ExAC provides two gene constraint metrics for expected variation in the general population.16 The “probability of being loss-of-function intolerant” (pLI) scores for our 41 genes ranged from 0 to 1,16 with only 10 genes assessed as extremely intolerant (pLI > 0.9; Table 1). DCM-associated truncating variants were enriched in genes with high pLI scores (11 of 23 [48%] variants versus controls, 1 of 17 [6%] variants, P = 0.005), but >50% variants were in genes with intermediate or low pLI scores. Twenty-six genes had expected intolerance to missense variants, indicated by positive Z scores (Table 1).16 There was a statistically significant but relatively modest excess of missense variants in these genes in DCM cases (182 [52%] variants versus controls, 129 [43%] variants; P = 0.018).

Table 1 Gene characteristics and evidence for role in DCM pathogenesis

Residual Variation Intolerance Score (RVIS)

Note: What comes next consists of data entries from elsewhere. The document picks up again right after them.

text \<open>The next entry is uniform over the n - k unused values, and all of S is unused.\<close>

lemma card_prefix_cylinder_next_notin_le:
  fixes \<epsilon> :: real
  assumes "\<pi>0 \<in> lin_orders n" "k < n" "\<forall>k'<k. \<pi>0 k' \<notin> S"
    and "S \<subseteq> {0..<n}" "\<epsilon> * real n \<le> real (card S)" "0 \<le> \<epsilon>"
  shows "real (card {\<pi> \<in> prefix_cylinder n \<pi>0 k. \<pi> k \<notin> S})
      \<le> (1 - \<epsilon>) * real (card (prefix_cylinder n \<pi>0 k))"
proof -
  define F where "F = {0..<n} - \<pi>0 ` {..<k}"
  define N where "N = card (prefix_cylinder n \<pi>0 k)"
  have S_F: "S \<subseteq> F" using assms(3,4) by (auto simp: F_def)
  have card_F_S: "card (F - S) = n - k - card S"
    using card_unused_values[OF assms(1)] assms(2) S_F
    by (simp add: F_def card_Diff_subset finite_subset)
  have frac: "real (n - k - card S) \<le> (1 - \<epsilon>) * real (n - k)"
  proof -
    have "card S \<le> n - k"
      using card_mono[OF _ S_F] card_unused_values[OF assms(1)] assms(2) by (simp add: F_def)
    moreover have "\<epsilon> * real (n - k) \<le> \<epsilon> * real n" using assms(6) by (intro mult_left_mono) auto
    ultimately show ?thesis using assms(5) by (simp add: of_nat_diff algebra_simps)
  qed
  have "{\<pi> \<in> prefix_cylinder n \<pi>0 k. \<pi> k \<notin> S} = {\<pi> \<in> prefix_cylinder n \<pi>0 k. \<pi> k \<in> F - S}"
    using prefix_cylinder_next_unused[OF _ assms(2)] by (auto simp: F_def)
  then have "real (card {\<pi> \<in> prefix_cylinder n \<pi>0 k. \<pi> k \<notin> S}) * real (n - k)
      = real (n - k - card S) * real N"
    using card_prefix_cylinder_next_in[OF assms(1,2), of "F - S"] card_F_S
    by (simp add: F_def N_def flip: of_nat_mult)
  also have "\<dots> \<le> (1 - \<epsilon>) * real N * real (n - k)"
    using mult_right_mono[OF frac, of "real N"] by (simp add: mult_ac)
  finally show ?thesis
    using assms(2) by (simp add: N_def)
qed

section \<open>Information revealed by deferred acceptance\<close>

type_synonym profile = "(nat \<Rightarrow> nat \<Rightarrow> nat) \<times> (nat \<Rightarrow> nat \<Rightarrow> nat)"

text \<open>The length of the prefix of j's preference list that DA has read in the rounds
  before round t.\<close>

definition revealed :: "nat \<Rightarrow> profile \<Rightarrow> nat \<Rightarrow> nat \<Rightarrow> nat" where
  "revealed n x t j =
     (case t of 0 \<Rightarrow> 0 | Suc t' \<Rightarrow> min (Suc (da_state n (fst x) (snd x) t' j)) n)"

text \<open>The profiles that DA cannot tell apart from x before round t; these are the
  atoms of the filtration along which the potential below is a supermartingale.\<close>

definition history_class :: "nat \<Rightarrow> nat \<Rightarrow> profile \<Rightarrow> profile set" where
  "history_class n t x =
     {y \<in> problems n. snd y = snd x \<and> (\<forall>j<n. \<forall>k<revealed n x t j. fst y j k = fst x j k)}"

lemma revealed_le_Suc: "revealed n x t j \<le> revealed n x (Suc t) j"
proof (cases t)
  case (Suc t')
  then show ?thesis
    using da_state_mono[of t' "Suc t'" n "fst x" "snd x" j] by (simp add: revealed_def)
qed (simp add: revealed_def)

lemma revealed_Suc_le: "revealed n x (Suc t) j \<le> Suc (revealed n x t j)"
proof (cases t)
  case (Suc t')
  then show ?thesis
    using da_step_le_Suc[of n "fst x" "snd x" "da_state n (fst x) (snd x) t'" j]
    by (simp add: revealed_def da_state_Suc)
qed (simp add: revealed_def da_state_0)

lemma revealed_le: "revealed n x t j \<le> n"
  by (cases t) (auto simp: revealed_def)

lemma da_state_history_class:
  assumes "y \<in> history_class n t x" "s \<le> t"
  shows "da_state n (fst y) (snd y) s = da_state n (fst x) (snd x) s"
proof -
  have "da_state n (fst y) (snd x) s = da_state n (fst x) (snd x) s"
  proof (rule da_state_cong[OF _ assms(2)])
    fix j s' assume j: "j < n" and "s' < t" and lt: "da_state n (fst x) (snd x) s' j < n"
    then obtain t' where t: "t = Suc t'" "s' \<le> t'" by (cases t) auto
    then have "da_state n (fst x) (snd x) s' j < revealed n x t j"
      using lt da_state_mono[OF t(2)] by (simp add: revealed_def le_imp_less_Suc)
    then show "fst y j (da_state n (fst x) (snd x) s' j) = fst x j (da_state n (fst x) (snd x) s' j)"
      using assms(1) j by (simp add: history_class_def)
  qed
  then show ?thesis using assms(1) by (simp add: history_class_def)
qed

lemma revealed_history_class:
  assumes "y \<in> history_class n t x"
  shows "revealed n y t = revealed n x t" "revealed n y (Suc t) = revealed n x (Suc t)"
  using da_state_history_class[OF assms]
  by (auto intro!: ext simp: revealed_def split: nat.split)

lemma history_class_eq:
  assumes "y \<in> history_class n t x"
  shows "history_class n t y = history_class n t x"
  using assms revealed_history_class(1)[OF assms] unfolding history_class_def by auto

lemma history_class_refl: "x \<in> problems n \<Longrightarrow> x \<in> history_class n t x"
  by (simp add: history_class_def)

lemma history_class_PiE:
  assumes "x \<in> problems n"
  shows "history_class n t x =
    (PiE {0..<n} (\<lambda>j. prefix_cylinder n (fst x j) (revealed n x t j))) \<times> {snd x}"
  using assms unfolding history_class_def problems_def prefix_cylinder_def by (auto simp: PiE_iff)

RVIS is another metric of expected genetic variation.17 In this scoring system, genes that cause Mendelian disorders should have little population variability (25th percentile RVIS), while genes associated with complex disorders are likely to be highly variable (100th percentile RVIS). In keeping with the Mendelian model, we found that 18 of our genes were in the 25th percentile bin (Table 1). However, while DCM-associated truncating variants were preferentially distributed in 25th percentile genes (P = 0.01, 2 × 4 chi-squared test; Supplementary Table S6), this was not the case for missense variants (P = 0.67).

Variant burden per gene

There were only three genes, RBM20, MYH7, and LMNA, in which there were significantly more rare variants in DCM cases than in controls (Supplementary Table S3). These findings strongly suggest that these genes harbor pathogenic rare variants, but do not directly inform the interpretation of any single variant. For most genes, the relatively small numbers of variants limited statistical comparisons.

DCM gene ranking

We used a semiquantitative method to rank genes according to literature evidence for roles in DCM pathogenesis (Table 1, Supplementary Table S7). Only 14 of 41 genes had robust evidence for disease association and were classified as group A. There was a prominent peak of DCM-associated truncating variants in these genes, with control-associated truncating variants mostly found in gene groups C and D (P = 0.01, 2 × 4 chi-squared test; Fig. 1b, Supplementary Table S8). DCM-associated missense variants also showed a peak in group A genes (P = 0.018), with marked enrichment of variants that were novel (ExAC) + deleterious (MetaSVM) (P = 0.001, Fig. 1c). Adding the “group A” gene parameter to these variant parameters increased the odds ratio for DCM from approximately 5-fold to nearly 9-fold (Fig. 1a).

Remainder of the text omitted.